**HOW TO COMPLETE THIS TASK**:
Using the records below, repeat exactly the lines from the one holding "Q F\<^sup>H B\<close>." through the one holding "The mixed-product rule", both ends included, and no others.

*** DATA PROVIDED Section Begins ***

text \<open>Steering matrix A_n^(K) = [a^(K)(omega_{1,n}), ..., a^(K)(omega_{L,n})];
  omega l n is omega_{l,n} (l = 1..L); row k (0-based) of column l is exp(j k omega_{l,n}).\<close>
definition steer :: "nat \<Rightarrow> nat \<Rightarrow> (nat \<Rightarrow> nat \<Rightarrow> real) \<Rightarrow> nat \<Rightarrow> complex mat" where
  "steer K L omega n = mat K L (\<lambda>(k, l). exp (\<i> * complex_of_real (real k * omega (Suc l) n)))"

definition Phi :: "nat \<Rightarrow> (nat \<Rightarrow> nat \<Rightarrow> real) \<Rightarrow> nat \<Rightarrow> complex mat" where
  "Phi L omega n = mat L L (\<lambda>(i, j). if i = j then exp (\<i> * complex_of_real (omega (Suc i) n)) else 0)"

definition sel1 :: "nat \<Rightarrow> complex mat" where
  "sel1 M = mat (M - 1) M (\<lambda>(i, j). if j = i then 1 else 0)"

definition sel2 :: "nat \<Rightarrow> complex mat" where
  "sel2 M = mat (M - 1) M (\<lambda>(i, j). if j = i + 1 then 1 else 0)"

end

theory Submission imports Defs begin

text \<open>Everything reduces to shift invariances of single factors. For a steering matrix, deleting
  the last row and multiplying by \<open>\<Phi>\<^sub>n\<close> is the same as deleting the first row:
  \<open>J\<^sub>1 A \<Phi> = J\<^sub>2 A\<close>. For a transformed factor \<open>B = T\<^sup>H A\<close>, the adjoint of
  \<open>J\<^sub>1 T = J\<^sub>2 T F\<close> reads \<open>T\<^sup>H J\<^sub>1\<^sup>H = F\<^sup>H T\<^sup>H J\<^sub>2\<^sup>H\<close>, and the conditions on \<open>Q\<close>
  say exactly that \<open>Q T\<^sup>H\<close> and \<open>Q F\<^sup>H T\<^sup>H\<close> are fixed by the coordinate projections
  \<open>J\<^sub>1\<^sup>H J\<^sub>1\<close> and \<open>J\<^sub>2\<^sup>H J\<^sub>2\<close>; hence
  \<open>Q B \<Phi> = Q T\<^sup>H J\<^sub>1\<^sup>H J\<^sub>1 A \<Phi> = Q T\<^sup>H J\<^sub>1\<^sup>H J\<^sub>2 A = Q F\<^sup>H T\<^sup>H J\<^sub>2\<^sup>H J\<^sub>2 A = Q F\<^sup>H B\<close>.
  The mixed-product rule \<open>(A \<otimes> B)(X \<odot> Y) = A X \<odot> B Y\<close>, together with the fact that a diagonal
  matrix can be moved into either Khatri-Rao factor, lifts such a one-factor invariance to
  the whole Khatri-Rao product.\<close>

lemma sum_lessThan_mult_nat:
  "(\<Sum>k<a * b. f k) = (\<Sum>i<a. \<Sum>j<b. f (i * b + j :: nat) :: 'a::comm_monoid_add)"
proof -
  have "sum f {i * b..<i * b + b} = (\<Sum>j<b. f (i * b + j))" for i
    using sum.shift_bounds_nat_ivl[of f 0 "i * b" b] by (simp add: lessThan_atLeast0 add.commute)
  then show ?thesis by (simp add: sum.nat_group[symmetric])
qed

lemma mat_adjoint_altdef:
  "mat_adjoint A = mat (dim_col A) (dim_row A) (\<lambda>(i, j). conjugate (A $$ (j, i)))"
  unfolding mat_adjoint_def by (rule eq_matI) (auto simp: mat_of_rows_index)

lemma dim_mat_adjoint [simp]:
  "dim_row (mat_adjoint A) = dim_col A" "dim_col (mat_adjoint A) = dim_row A"
  by (simp_all add: mat_adjoint_altdef)

lemma mat_adjoint_carrier [simp]: "A \<in> carrier_mat m n \<Longrightarrow> mat_adjoint A \<in> carrier_mat n m"
  by (simp add: mat_adjoint_altdef)

lemma mat_adjoint_mult:
  assumes "A \<in> carrier_mat m n" and "B \<in> carrier_mat n p"
  shows "mat_adjoint (A * B) = mat_adjoint B * mat_adjoint A"
  using assms
  by (intro eq_matI)
    (auto simp: mat_adjoint_altdef scalar_prod_def sum_conjugate conjugate_dist_mul mult.commute)

lemma index_mult_diagonal_mat:
  assumes "diagonal_mat D" "D \<in> carrier_mat n n" "i < dim_row X" "j < n" "dim_col X = n"
  shows "(X * D) $$ (i, j) = X $$ (i, j) * D $$ (j, j)"
proof -
  have "(X * D) $$ (i, j) = (\<Sum>k\<in>{0..<n}. X $$ (i, k) * D $$ (k, j))"
    using assms by (simp add: scalar_prod_def)
  also have "\<dots> = (\<Sum>k\<in>{0..<n}. if k = j then X $$ (i, k) * D $$ (k, j) else 0)"
    using assms by (intro sum.cong) (auto simp: diagonal_mat_def)
  also have "\<dots> = X $$ (i, j) * D $$ (j, j)"
    using assms by simp
  finally show ?thesis .
qed
(* With the notation of the context, let $\varepsilon>0$. For every $z\in U$ with $\mathrm{dist}(z,\Lambda_\varepsilon)>(2n/\lambda)^{1/2}\,\mathfrak r(\varepsilon)$ and every $r>0$ with $B_r(z)\Subset U$, \[\sup_{B_r(z)}w_\varepsilon\ge\frac{\lambda}{2n}r^2-\mathfrak r(\varepsilon)^2.\]
   Context: Let $U\subset\mathbb{R}^n$ be a smooth bounded domain, and let $\varphi_0\in C^2(U)\cap C(\overline U)$ be positive somewhere in $U$, negative on $\partial U$, and satisfy $\lambda\le-\Delta\varphi_0\le\lambda^{-1}$ in $U$ for some $\lambda\in(0,1]$. Let $\psi:\mathbb{R}^n\to\mathbb{R}$ be a smooth $\mathbb{Z}^n$-periodic function with $-1\le\psi\le0$, and let $p\in\mathbb{R}$. For $\varepsilon>0$ set $\varphi_\varepsilon(x)=\varphi_0(x)+\varepsilon^p\psi(x/\varepsilon)$ and let $u_\varepsilon$ be the least function $v$ with $\Delta v\le 0$ in $U$, $v\ge\varphi_\varepsilon$ in $U$, $v\ge0$ on $\partial U$. Set $w_\varepsilon=u_\varepsilon-\varphi_0$ and $\Lambda_\varepsilon=\{u_\varepsilon=\varphi_\varepsilon\}\cap U$. For $\mu>0$, let $\chi_\mu$ be the least $\mathbb{Z}^n$-periodic function $v$ on $\mathbb{R}^n$ with $\Delta v\le\mu$ in $\mathbb{R}^n$ and $v\ge\psi$ in $\mathbb{R}^n$, and $\mathcal E(\mu)=-\inf\chi_\mu$. Define $\mathfrak r(\varepsilon)=\big(\varepsilon^p\,\mathcal E(\lambda^{-1}\varepsilon^{2-p})\big)^{1/2}$. *)

theory Defs
  imports "HOL-Analysis.Analysis"
begin

fun iter_partial :: "'a::euclidean_space list \<Rightarrow> ('a \<Rightarrow> real) \<Rightarrow> 'a \<Rightarrow> real" where
  "iter_partial [] f = f"
| "iter_partial (b # bs) f = (\<lambda>x. frechet_derivative (iter_partial bs f) (at x) b)"
(* Let $\Sigma\subseteq\Delta\subseteq\mathcal L_{\Diamond\forall}$ with $\Sigma$ finite and both closed under subformulas. Let $\mathfrak W=(W,\preccurlyeq_W,\ell_W)$ be a finite $\Sigma$-labelled frame and $\mathfrak X=(X,\preccurlyeq_X,\ell_X)$ a $\Delta$-labelled frame, and let $w\in W$, $x\in X$. Then: (1) if $\mathrm{Sim}(w)\in\ell_X^-(x)$, then there is $y\succcurlyeq_X x$ such that $(\mathfrak W,w)\rightharpoonup(\mathfrak X,y)$; (2) if there is $y\succcurlyeq_X x$ such that $(\mathfrak W,w)\rightharpoonup(\mathfrak X,y)$, then $\mathrm{Sim}(w)\notin\ell_X^+(x)$.
   Context: $\mathcal L_{\Diamond\forall}$: formulas $\varphi::=\bot\mid p\mid\varphi\wedge\varphi\mid\varphi\vee\varphi\mid\varphi\to\varphi\mid\circ\varphi\mid\Diamond\varphi\mid\forall\varphi$, $p$ ranging over propositional variables; $\top:=\bot\to\bot$, $\bigwedge\varnothing=\top$, $\bigvee\varnothing=\bot$. For $\Sigma$ closed under subformulas, a (two-sided) $\Sigma$-type is a pair $\Phi=(\Phi^+,\Phi^-)$ of finite subsets of $\Sigma$ such that: (1) $\Phi^-\cap\Phi^+=\varnothing$; (2) $\bot\notin\Phi^+$; (3) $\varphi\wedge\psi\in\Phi^+\Rightarrow\varphi,\psi\in\Phi^+$; (4) $\varphi\wedge\psi\in\Phi^-\Rightarrow\varphi\in\Phi^-$ or $\psi\in\Phi^-$; (5) $\varphi\vee\psi\in\Phi^+\Rightarrow\varphi\in\Phi^+$ or $\psi\in\Phi^+$; (6) $\varphi\vee\psi\in\Phi^-\Rightarrow\varphi,\psi\in\Phi^-$; (7) $\varphi\to\psi\in\Phi^+\Rightarrow\varphi\in\Phi^-$ or $\psi\in\Phi^+$; (8) $\varphi\to\psi\in\Phi^-\Rightarrow\psi\in\Phi^-$; (9) $\Diamond\varphi\in\Phi^-\Rightarrow\varphi\in\Phi^-$. Write $\Phi\preccurlyeq_T\Psi$ if $\Phi^+\subseteq\Psi^+$ and $\Psi^-\subseteq\Phi^-$, and $\Phi\subseteq_T\Psi$ if $\Phi^+\subseteq\Psi^+$ and $\Phi^-\subseteq\Psi^-$. A $\Sigma$-labelled frame is $(W,\preccurlyeq,\ell)$ with $\preccurlyeq$ a partial order on $W$ and $\ell$ mapping each $w$ to a $\Sigma$-type $\ell(w)=(\ell^+(w),\ell^-(w))$ such that $w\preccurlyeq v$ implies $\ell(w)\preccurlyeq_T\ell(v)$, and whenever $\varphi\to\psi\in\ell^-(w)$ there is $v\succcurlyeq w$ with $\varphi\in\ell^+(v)$ and $\psi\in\ell^-(v)$. A simulation from a $\Sigma$-labelled frame $\mathfrak W$ to a $\Delta$-labelled frame $\mathfrak X$ is a relation $E\subseteq W\times X$ that is forward confluent (if $w\mathrel E y$ and $w\preccurlyeq w'$ then there is $y'\succcurlyeq y$ with $w'\mathrel E y'$) and such that $w\mathrel Ey$ implies $\ell_W(w)\subseteq_T\ell_X(y)$; $(\mathfrak W,w)\rightharpoonup(\mathfrak X,y)$ means some simulation $E$ has $w\mathrel Ey$. For finite $\mathfrak W$, $\mathrm{Sim}(w)$ is defined by backward induction on $\preccurlyeq_W$: $\mathrm{Sim}(w)=\bigwedge\ell_W^+(w)\to\bigvee\ell_W^-(w)\vee\bigvee_{v\succ w}\mathrm{Sim}(v)$, where $v\succ w$ means $w\preccurlyeq v$ and $v\neq w$. *)

theory Defs
  imports Main
begin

*** DATA PROVIDED Section Ends ***

**SOLVED EXERCISE**:
  \<open>Q B \<Phi> = Q T\<^sup>H J\<^sub>1\<^sup>H J\<^sub>1 A \<Phi> = Q T\<^sup>H J\<^sub>1\<^sup>H J\<^sub>2 A = Q F\<^sup>H T\<^sup>H J\<^sub>2\<^sup>H J\<^sub>2 A = Q F\<^sup>H B\<close>.
  The mixed-product rule \<open>(A \<otimes> B)(X \<odot> Y) = A X \<odot> B Y\<close>, together with the fact that a diagonal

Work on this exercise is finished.